(* Let $p_1,\dots,p_n$ be probability densities on $\mathbb{R}^d$ of the form $p_i=e^{-f_i}$ with $f_i$ smooth, let $w_1,\dots,w_n>0$ with $\sum_iw_i=1$, and let $p=\sum_{i=1}^nw_ip_i$. Suppose each $p_i$ satisfies a Poincaré inequality with constant $C$. Then $\lambda_{n+1}(p)\ge 1/C$.
   Context: For a probability density $p$ on $\mathbb{R}^d$, $\mathcal E_p(g)=\int\|\nabla g\|^2p\,dx$ is the Dirichlet form of Langevin diffusion with stationary distribution $p$, $\langle g,h\rangle_p=\int ghp\,dx$, $\|g\|_p^2=\langle g,g\rangle_p$, $\operatorname{Var}_p(g)=\|g-\int gp\|_p^2$; functions $g$ range over locally Lipschitz functions with $\int(g^2+\|\nabla g\|^2)p<\infty$. $p$ satisfies a Poincaré inequality with constant $C$ if $\mathcal E_p(g)\ge\frac1C\operatorname{Var}_p(g)$ for all such $g$. The $k$-th eigenvalue of (minus) the Langevin generator is defined variationally: $\lambda_k(p)=\sup_{S\subseteq L^2(p),\ \dim S=k-1}\ \inf\{\mathcal E_p(g)/\|g\|_p^2:\ g\neq0,\ \langle g,s\rangle_p=0\ \forall s\in S\}$. *)

theory Defs
  imports "HOL-Analysis.Analysis"
begin

text \<open>Setting: R^d is modelled by an arbitrary euclidean_space 'a, with Lebesgue measure.\<close>

fun pderivs :: "'a::euclidean_space list \<Rightarrow> ('a \<Rightarrow> real) \<Rightarrow> ('a \<Rightarrow> real)" where
  "pderivs [] f = f"
| "pderivs (b # bs) f = (\<lambda>x. frechet_derivative (pderivs bs f) (at x) b)"

definition smooth_fun :: "('a::euclidean_space \<Rightarrow> real) \<Rightarrow> bool" where
  "smooth_fun f \<longleftrightarrow> (\<forall>bs. set bs \<subseteq> Basis \<longrightarrow> (\<forall>x. pderivs bs f differentiable (at x)))"

definition prob_density :: "('a::euclidean_space \<Rightarrow> real) \<Rightarrow> bool" where
  "prob_density p \<longleftrightarrow> (\<forall>x. 0 \<le> p x) \<and> p \<in> borel_measurable lebesgue
     \<and> integrable lebesgue p \<and> (\<integral>x. p x \<partial>lebesgue) = 1"

definition locally_lipschitz :: "('a::euclidean_space \<Rightarrow> real) \<Rightarrow> bool" where
  "locally_lipschitz g \<longleftrightarrow> (\<forall>x. \<exists>e>0. \<exists>L. L-lipschitz_on (ball x e) g)"

text \<open>Gradient (exists a.e. for locally Lipschitz functions, by Rademacher).\<close>
definition grad :: "('a::euclidean_space \<Rightarrow> real) \<Rightarrow> 'a \<Rightarrow> 'a" where
  "grad g x = (if g differentiable (at x)
      then (\<Sum>b\<in>Basis. frechet_derivative g (at x) b *\<^sub>R b) else 0)"

definition dirichlet :: "('a::euclidean_space \<Rightarrow> real) \<Rightarrow> ('a \<Rightarrow> real) \<Rightarrow> real" where
  "dirichlet p g = (\<integral>x. (norm (grad g x))\<^sup>2 * p x \<partial>lebesgue)"

definition inner_p :: "('a::euclidean_space \<Rightarrow> real) \<Rightarrow> ('a \<Rightarrow> real) \<Rightarrow> ('a \<Rightarrow> real) \<Rightarrow> real" where
  "inner_p p g h = (\<integral>x. g x * h x * p x \<partial>lebesgue)"

definition normsq_p :: "('a::euclidean_space \<Rightarrow> real) \<Rightarrow> ('a \<Rightarrow> real) \<Rightarrow> real" where
  "normsq_p p g = inner_p p g g"

definition var_p :: "('a::euclidean_space \<Rightarrow> real) \<Rightarrow> ('a \<Rightarrow> real) \<Rightarrow> real" where
  "var_p p g = normsq_p p (\<lambda>x. g x - (\<integral>y. g y * p y \<partial>lebesgue))"

definition L2_p :: "('a::euclidean_space \<Rightarrow> real) \<Rightarrow> ('a \<Rightarrow> real) set" where
  "L2_p p = {s. s \<in> borel_measurable lebesgue \<and> integrable lebesgue (\<lambda>x. (s x)\<^sup>2 * p x)}"

definition admissible :: "('a::euclidean_space \<Rightarrow> real) \<Rightarrow> ('a \<Rightarrow> real) \<Rightarrow> bool" where
  "admissible p g \<longleftrightarrow> locally_lipschitz g
     \<and> integrable lebesgue (\<lambda>x. ((g x)\<^sup>2 + (norm (grad g x))\<^sup>2) * p x)"

definition poincare :: "('a::euclidean_space \<Rightarrow> real) \<Rightarrow> real \<Rightarrow> bool" where
  "poincare p C \<longleftrightarrow> (\<forall>g. admissible p g \<longrightarrow> dirichlet p g \<ge> (1 / C) * var_p p g)"

text \<open>A (k-1)-dimensional subspace S of L^2(p) is given by a basis s_0..s_{k-2},
  linearly independent as elements of L^2(p); orthogonality to S = orthogonality to the basis.\<close>
definition l2_indep :: "('a::euclidean_space \<Rightarrow> real) \<Rightarrow> nat \<Rightarrow> (nat \<Rightarrow> 'a \<Rightarrow> real) \<Rightarrow> bool" where
  "l2_indep p m s \<longleftrightarrow> (\<forall>j<m. s j \<in> L2_p p) \<and>
     (\<forall>c::nat \<Rightarrow> real. normsq_p p (\<lambda>x. \<Sum>j<m. c j * s j x) = 0 \<longrightarrow> (\<forall>j<m. c j = 0))"

definition eigval :: "nat \<Rightarrow> ('a::euclidean_space \<Rightarrow> real) \<Rightarrow> ereal" where
  "eigval k p = (SUP s \<in> {s. l2_indep p (k - 1) s}.
      INF g \<in> {g. admissible p g \<and> normsq_p p g \<noteq> 0 \<and> (\<forall>j<k-1. inner_p p g (s j) = 0)}.
        ereal (dirichlet p g / normsq_p p g))"

end

theory Submission
  imports Defs
begin

text \<open>The ratios w_i p_i / p are bounded continuous functions, and a
  function g is orthogonal to w_i p_i / p in L^2(p) exactly when it has mean zero under p_i.
  So in the variational definition of lambda_(n+1)(p) choose for S an n-dimensional space of
  bounded continuous functions containing all these ratios. A test function orthogonal to S is
  centred under every p_i, hence the Poincare inequality of p_i gives
  int |grad g|^2 p_i >= (1/C) int g^2 p_i, and averaging with the weights w_i gives
  E_p(g) >= (1/C) |g|_p^2.\<close>

lemma borel_measurable_lebesgue_continuous:
  fixes h :: "'a::euclidean_space \<Rightarrow> real"
  assumes "continuous_on UNIV h"
  shows "h \<in> borel_measurable lebesgue"
  by (simp add: assms borel_measurable_continuous_onI measurable_completion)

lemma integrable_abs_bound:
  fixes h F :: "'b \<Rightarrow> real"
  assumes "integrable M F" "h \<in> borel_measurable M" "\<And>x. \<bar>h x\<bar> \<le> F x"
  shows "integrable M h"
  using assms by (intro Bochner_Integration.integrable_bound[OF assms(1,2)] AE_I2)
    (auto intro: order_trans[OF _ abs_ge_self])

lemma integrable_bounded_mult:
  fixes h p :: "'b \<Rightarrow> real"
  assumes "integrable M p" "h \<in> borel_measurable M" "\<And>x. \<bar>h x\<bar> \<le> B"
  shows "integrable M (\<lambda>x. h x * p x)"
proof (rule integrable_abs_bound)
  show "integrable M (\<lambda>x. B * \<bar>p x\<bar>)" using assms(1) by simp
  show "\<bar>h x * p x\<bar> \<le> B * \<bar>p x\<bar>" for x
    using assms(3)[of x] by (simp add: abs_mult mult_right_mono)
qed (use assms borel_measurable_integrable in auto)

lemma continuous_nonneg_integral_eq_0:
  fixes h :: "'a::euclidean_space \<Rightarrow> real"
  assumes "continuous_on UNIV h" "\<And>x. 0 \<le> h x" "integrable lebesgue h"
    and "(\<integral>x. h x \<partial>lebesgue) = 0"
  shows "h x = 0"
proof -
  have "AE x in lebesgue. x \<in> {x. h x = 0}"
    using assms integral_nonneg_eq_0_iff_AE[of lebesgue h] by simp
  moreover have "closed {x. h x = 0}"
    using continuous_closed_preimage_constant[OF assms(1) closed_UNIV, of 0] by simp
  ultimately show ?thesis using mem_closed_if_AE_lebesgue by blast
qed

lemma locally_lipschitz_imp_continuous:
  fixes g :: "'a::euclidean_space \<Rightarrow> real"
  assumes "locally_lipschitz g"
  shows "continuous_on UNIV g"
proof (rule continuous_at_imp_continuous_on, intro ballI)
  fix x :: 'a
  obtain e L where "e > 0" "L-lipschitz_on (ball x e) g"
    using assms unfolding locally_lipschitz_def by blast
  then have "continuous_on (ball x e) g" by (metis lipschitz_on_continuous_on)
  then show "isCont g x"
    using \<open>e > 0\<close> continuous_on_eq_continuous_at[OF open_ball, of x e g] by simp
qed

lemma smooth_fun_imp_continuous:
  assumes "smooth_fun f"
  shows "continuous_on UNIV f"
proof -
  have "f differentiable (at x)" for x
    using assms unfolding smooth_fun_def by (metis empty_subsetI list.set(1) pderivs.simps(1))
  then show ?thesis
    by (simp add: differentiable_at_imp_differentiable_on differentiable_imp_continuous_on)
qed
lemma eventually_bounded_imp_convergent_subsequence:
  fixes f :: "nat \<Rightarrow> 'a \<Rightarrow> real"
  assumes "finite A" "eventually (\<lambda>n. \<forall>x\<in>A. \<bar>f n x\<bar> \<le> B x) sequentially"
  obtains r g where "strict_mono r" "\<forall>x\<in>A. (\<lambda>n. f (r n) x) \<longlonglongrightarrow> g x"
proof -
  obtain n0 where n0: "\<And>n. n \<ge> n0 \<Longrightarrow> \<forall>x\<in>A. \<bar>f n x\<bar> \<le> B x"
    using assms(2) unfolding eventually_sequentially by auto
  obtain r g where r: "strict_mono r" "\<forall>x\<in>A. (\<lambda>n. f (r n + n0) x) \<longlonglongrightarrow> g x"
    using finite_bounded_imp_convergent_subsequence[OF assms(1), of "\<lambda>n. f (n + n0)" B] n0 by auto
  have "strict_mono (\<lambda>n. r n + n0)" using r(1) by (simp add: strict_mono_def)
  with r(2) show thesis using that by blast
qed

lemma quotient_between_min_max:
  fixes a s t lo up :: real
  assumes "(s - t) * lo \<le> a" "a \<le> (s - t) * up" "s \<noteq> t"
  shows "min up lo \<le> a / (s - t) \<and> a / (s - t) \<le> max up lo"
proof (cases "s < t")
  case True
  then have "up \<le> a / (s - t)" "a / (s - t) \<le> lo" using assms by (simp_all add: field_simps)
  then show ?thesis by linarith
next
  case False
  then have "lo \<le> a / (s - t)" "a / (s - t) \<le> up" using assms by (simp_all add: field_simps)
  then show ?thesis by linarith
qed

lemma dissipation_identity:
  fixes c d l :: real
  assumes "d > 0"
  shows "l * (\<bar>c\<bar> - d) + l * c\<^sup>2 * ((d - \<bar>c\<bar>) / d\<^sup>2) =
    - (l * (\<bar>c\<bar> - d)\<^sup>2 * (\<bar>c\<bar> + d) / d\<^sup>2)"
proof -
  have "c\<^sup>2 = \<bar>c\<bar>\<^sup>2" by simp
  then show ?thesis using assms by (simp only:) (simp add: field_simps power2_eq_square)
qed

locale physarum_trajectory =
  fixes N :: "'v set" and E :: "'e set" and src tgt :: "'e \<Rightarrow> 'v"
    and L :: "'e \<Rightarrow> real" and b :: "'v \<Rightarrow> real" and D :: "real \<Rightarrow> 'e \<Rightarrow> real"
  assumes finite_N: "finite N" and finite_E: "finite E"
    and endpoints: "\<forall>e\<in>E. src e \<in> N \<and> tgt e \<in> N"
    and L_pos: "\<forall>e\<in>E. L e > 0"
    and solution: "physarum_solution N E src tgt b L D"
begin

section \<open>The current and its energy\<close>

definition current :: "real \<Rightarrow> 'e \<Rightarrow> real" where
  "current t = (SOME Q. is_current N E src tgt b L (D t) Q \<and>
     (\<forall>e\<in>E. ((\<lambda>s. D s e) has_real_derivative (\<bar>Q e\<bar> - D t e)) (at t within {0..})))"

lemma current_spec:
  assumes "t \<ge> 0"
  shows "is_current N E src tgt b L (D t) (current t)"
    and "\<forall>e\<in>E. ((\<lambda>s. D s e) has_real_derivative (\<bar>current t e\<bar> - D t e)) (at t within {0..})"
proof -
  have "\<exists>Q. is_current N E src tgt b L (D t) Q \<and>
     (\<forall>e\<in>E. ((\<lambda>s. D s e) has_real_derivative (\<bar>Q e\<bar> - D t e)) (at t within {0..}))"
    using solution assms unfolding physarum_solution_def by blast
  from someI_ex[OF this] show "is_current N E src tgt b L (D t) (current t)"
    and "\<forall>e\<in>E. ((\<lambda>s. D s e) has_real_derivative (\<bar>current t e\<bar> - D t e)) (at t within {0..})"
    unfolding current_def by blast+
qed

definition potential :: "real \<Rightarrow> 'v \<Rightarrow> real" where
  "potential t = (SOME p. \<forall>e\<in>E. current t e = D t e * (p (src e) - p (tgt e)) / L e)"

lemma current_ohm:
  assumes "t \<ge> 0" "e \<in> E"
  shows "current t e = D t e * (potential t (src e) - potential t (tgt e)) / L e"
proof -
  have "\<exists>p. \<forall>e\<in>E. current t e = D t e * (p (src e) - p (tgt e)) / L e"
    using current_spec(1)[OF assms(1)] unfolding is_current_def by blast
  from someI_ex[OF this] assms(2) show ?thesis unfolding potential_def by blast
qed

lemma current_feasible: "t \<ge> 0 \<Longrightarrow> feasible_flow N E src tgt b (current t)"
  using current_spec(1) unfolding is_current_def by blast

lemma diameter_has_derivative:
  "t \<ge> 0 \<Longrightarrow> e \<in> E \<Longrightarrow>
   ((\<lambda>s. D s e) has_real_derivative (\<bar>current t e\<bar> - D t e)) (at t within {0..})"
  using current_spec(2) by blast

lemma diameter_has_derivative_within:
  "t \<in> {a..c} \<Longrightarrow> a \<ge> 0 \<Longrightarrow> e \<in> E \<Longrightarrow>
   ((\<lambda>s. D s e) has_real_derivative (\<bar>current t e\<bar> - D t e)) (at t within {a..c})"
  by (rule has_field_derivative_subset[OF diameter_has_derivative]) auto

lemma diameter_tendsto: "e \<in> E \<Longrightarrow> t \<ge> 0 \<Longrightarrow> ((\<lambda>s. D s e) \<longlongrightarrow> D t e) (at t within {0..})"
  using DERIV_continuous[OF diameter_has_derivative] by (simp add: continuous_within)

text \<open>Since D' \<ge> -D, the function e^t D(t) is nondecreasing.\<close>

lemma diameter_pos:
  assumes "t \<ge> 0" "e \<in> E"
  shows "D t e > 0"
proof -
  have "D 0 e * exp 0 \<le> D t e * exp t"
  proof (rule nonneg_derivative_imp_le[where f = "\<lambda>s. D s e * exp s"])
    fix s assume s: "s \<in> {0..t}"
    show "((\<lambda>s. D s e * exp s) has_real_derivative
        ((\<bar>current s e\<bar> - D s e) * exp s + exp s * D s e)) (at s within {0..t})"
      by (rule DERIV_mult[OF diameter_has_derivative_within[OF s _ assms(2)]])
        (auto intro!: derivative_eq_intros)
    show "0 \<le> (\<bar>current s e\<bar> - D s e) * exp s + exp s * D s e"
      by (simp add: algebra_simps)
  qed (use assms in auto)
  moreover have "D 0 e > 0" using solution assms unfolding physarum_solution_def by auto
  ultimately have "D t e * exp t > 0" by simp
  then show ?thesis by (simp add: zero_less_mult_iff)
qed
lemma finite_basis:
  obtains B where "finite B" and "independent B" and "span B = UNIV"
proof -
  obtain v :: 'v where v: "v \<noteq> 0" using nontrivial by blast
  have "(\<Union>f\<in>Phi. f ` {v}) = (\<lambda>f. f v) ` Phi" by blast
  then have "span ((\<lambda>f. f v) ` Phi) = UNIV" using span_Phi_orbit[of v "{v}"] v by simp
  moreover obtain B where "B \<subseteq> (\<lambda>f. f v) ` Phi" "independent B" "(\<lambda>f. f v) ` Phi \<subseteq> span B"
    using maximal_independent_subset by blast
  moreover have "finite B" using calculation(2) finite_Phi finite_subset by blast
  ultimately show ?thesis
    using that span_mono[of "(\<lambda>f. f v) ` Phi" "span B"] by (simp add: span_span top.extremum_unique)
qed

end

locale clifford = irreducible_action scale Phi + finite_dimensional_vector_space scale Basis
  for scale :: "'k::field \<Rightarrow> 'v::ab_group_add \<Rightarrow> 'v" and Phi and Basis +
  fixes N :: "('v \<Rightarrow> 'v) set"
  assumes linear_N: "x \<in> N \<Longrightarrow> Vector_Spaces.linear scale scale x"
    \<comment> \<open>two factors, since conjugating \<open>\<rho>(a)\<close> by \<open>\<phi>(c,d)\<close> gives \<open>\<beta>(t)\<rho>(s)\<close>\<close>
    and N_normalized: "f \<in> Phi \<Longrightarrow> x \<in> N \<Longrightarrow> \<exists>y\<in>N. \<exists>z\<in>N. x \<circ> f = f \<circ> y \<circ> z"
begin

definition N_invariant :: "'v set \<Rightarrow> bool" where
  "N_invariant W \<longleftrightarrow> subspace W \<and> (\<forall>x\<in>N. x ` W \<subseteq> W)"

definition N_irreducible :: "'v set \<Rightarrow> bool" where
  "N_irreducible W \<longleftrightarrow> N_invariant W \<and> W \<noteq> {0} \<and> (\<forall>U. N_invariant U \<and> U \<subseteq> W \<longrightarrow> U = {0} \<or> U = W)"

definition N_hom :: "'v set \<Rightarrow> ('v \<Rightarrow> 'v) \<Rightarrow> bool" where
  "N_hom W T \<longleftrightarrow> linear_on scale W T \<and> (\<forall>x\<in>N. \<forall>w\<in>W. T (x w) = x (T w))"

definition N_equivalent :: "'v set \<Rightarrow> 'v set \<Rightarrow> bool" where
  "N_equivalent W W' \<longleftrightarrow> (\<exists>T. N_hom W T \<and> bij_betw T W W')"

definition homogeneous_component :: "'v set \<Rightarrow> 'v set" where
  "homogeneous_component S = span (\<Union>{W. N_irreducible W \<and> N_equivalent W S})"

lemma N_irreducible_invariant: "N_irreducible W \<Longrightarrow> N_invariant W"
  and N_irreducible_subspace: "N_irreducible W \<Longrightarrow> subspace W"
  unfolding N_irreducible_def N_invariant_def by auto

lemma N_irreducible_nonzero:
  assumes "N_irreducible W"
  shows "\<exists>w\<in>W. w \<noteq> 0"
proof -
  have "0 \<in> W" "W \<noteq> {0}"
    using assms subspace_0 unfolding N_irreducible_def N_invariant_def by auto
  then show ?thesis by blast
qed

lemma N_irreducible_minimal:
  "N_irreducible W \<Longrightarrow> N_invariant U \<Longrightarrow> U \<subseteq> W \<Longrightarrow> U \<noteq> {0} \<Longrightarrow> U = W"
  unfolding N_irreducible_def by blast

lemma N_invariant_hom_image:
  assumes W: "N_invariant W" and T: "N_hom W T"
  shows "N_invariant (T ` W)"
proof -
  have "x (T w) \<in> T ` W" if "x \<in> N" "w \<in> W" for x w
    using that W T unfolding N_invariant_def N_hom_def by (metis image_eqI image_subset_iff)
  then show ?thesis
    using W T subspace_linear_on_image unfolding N_invariant_def N_hom_def by blast
qed

lemma N_invariant_hom_kernel:
  assumes W: "N_invariant W" and T: "N_hom W T"
  shows "N_invariant {w\<in>W. T w = 0}"
proof -
  have "x w \<in> W \<and> T (x w) = 0" if "x \<in> N" "w \<in> W" "T w = 0" for x w
    using that W T endo.linear_0[OF linear_N] unfolding N_invariant_def N_hom_def by fastforce
  then show ?thesis
    using W T subspace_linear_on_kernel unfolding N_invariant_def N_hom_def by auto
qed

lemma N_hom_comp:
  assumes "N_hom W T" and "T ` W \<subseteq> W'" and "N_hom W' T'"
  shows "N_hom W (T' \<circ> T)"
  using assms linear_on_comp unfolding N_hom_def by (auto simp: image_subset_iff)

lemma N_hom_inv_into:
  assumes W: "N_invariant W" and T: "N_hom W T" and bij: "bij_betw T W W'"
  shows "N_hom W' (inv_into W T)"
  unfolding N_hom_def
proof (intro conjI ballI)
  show "linear_on scale W' (inv_into W T)"
    using W T bij linear_on_inv_into unfolding N_invariant_def N_hom_def by blast
next
  fix x w' assume x: "x \<in> N" and w': "w' \<in> W'"
  define w where "w = inv_into W T w'"
  have w: "w \<in> W" "T w = w'"
    using w' bij unfolding w_def bij_betw_def by (auto simp: inv_into_into f_inv_into_f)
  have "x w \<in> W" using W x w(1) unfolding N_invariant_def by blast
  moreover have "T (x w) = x w'" using T x w unfolding N_hom_def by auto
  ultimately show "inv_into W T (x w') = x (inv_into W T w')"
    using bij unfolding w_def[symmetric] bij_betw_def by (metis inv_into_f_f)
qed

lemma N_equivalent_sym: "N_invariant W \<Longrightarrow> N_equivalent W W' \<Longrightarrow> N_equivalent W' W"
  unfolding N_equivalent_def using N_hom_inv_into bij_betw_inv_into by blast

lemma N_equivalent_trans:
  assumes "N_equivalent W W'" and "N_equivalent W' W''"
  shows "N_equivalent W W''"
proof -
  obtain T where T: "N_hom W T" "bij_betw T W W'" using assms(1) unfolding N_equivalent_def by blast
  obtain T' where T': "N_hom W' T'" "bij_betw T' W' W''" using assms(2) unfolding N_equivalent_def by blast
  have "N_hom W (T' \<circ> T)" using N_hom_comp[OF T(1) _ T'(1)] bij_betw_imp_surj_on[OF T(2)] by blast
  then show ?thesis using bij_betw_trans[OF T(2) T'(2)] unfolding N_equivalent_def by blast
qed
■ ■ ■ ■ ■
Scan the records above for the string "open", and copy every line where it turns up.

EXERCISE RESULT:
text \<open>Setting: R^d is modelled by an arbitrary euclidean_space 'a, with Lebesgue measure.\<close>
text \<open>Gradient (exists a.e. for locally Lipschitz functions, by Rademacher).\<close>
text \<open>A (k-1)-dimensional subspace S of L^2(p) is given by a basis s_0..s_{k-2},
text \<open>The ratios w_i p_i / p are bounded continuous functions, and a
    using \<open>e > 0\<close> continuous_on_eq_continuous_at[OF open_ball, of x e g] by simp
section \<open>The current and its energy\<close>
text \<open>Since D' \<ge> -D, the function e^t D(t) is nondecreasing.\<close>
    \<comment> \<open>two factors, since conjugating \<open>\<rho>(a)\<close> by \<open>\<phi>(c,d)\<close> gives \<open>\<beta>(t)\<rho>(s)\<close>\<close>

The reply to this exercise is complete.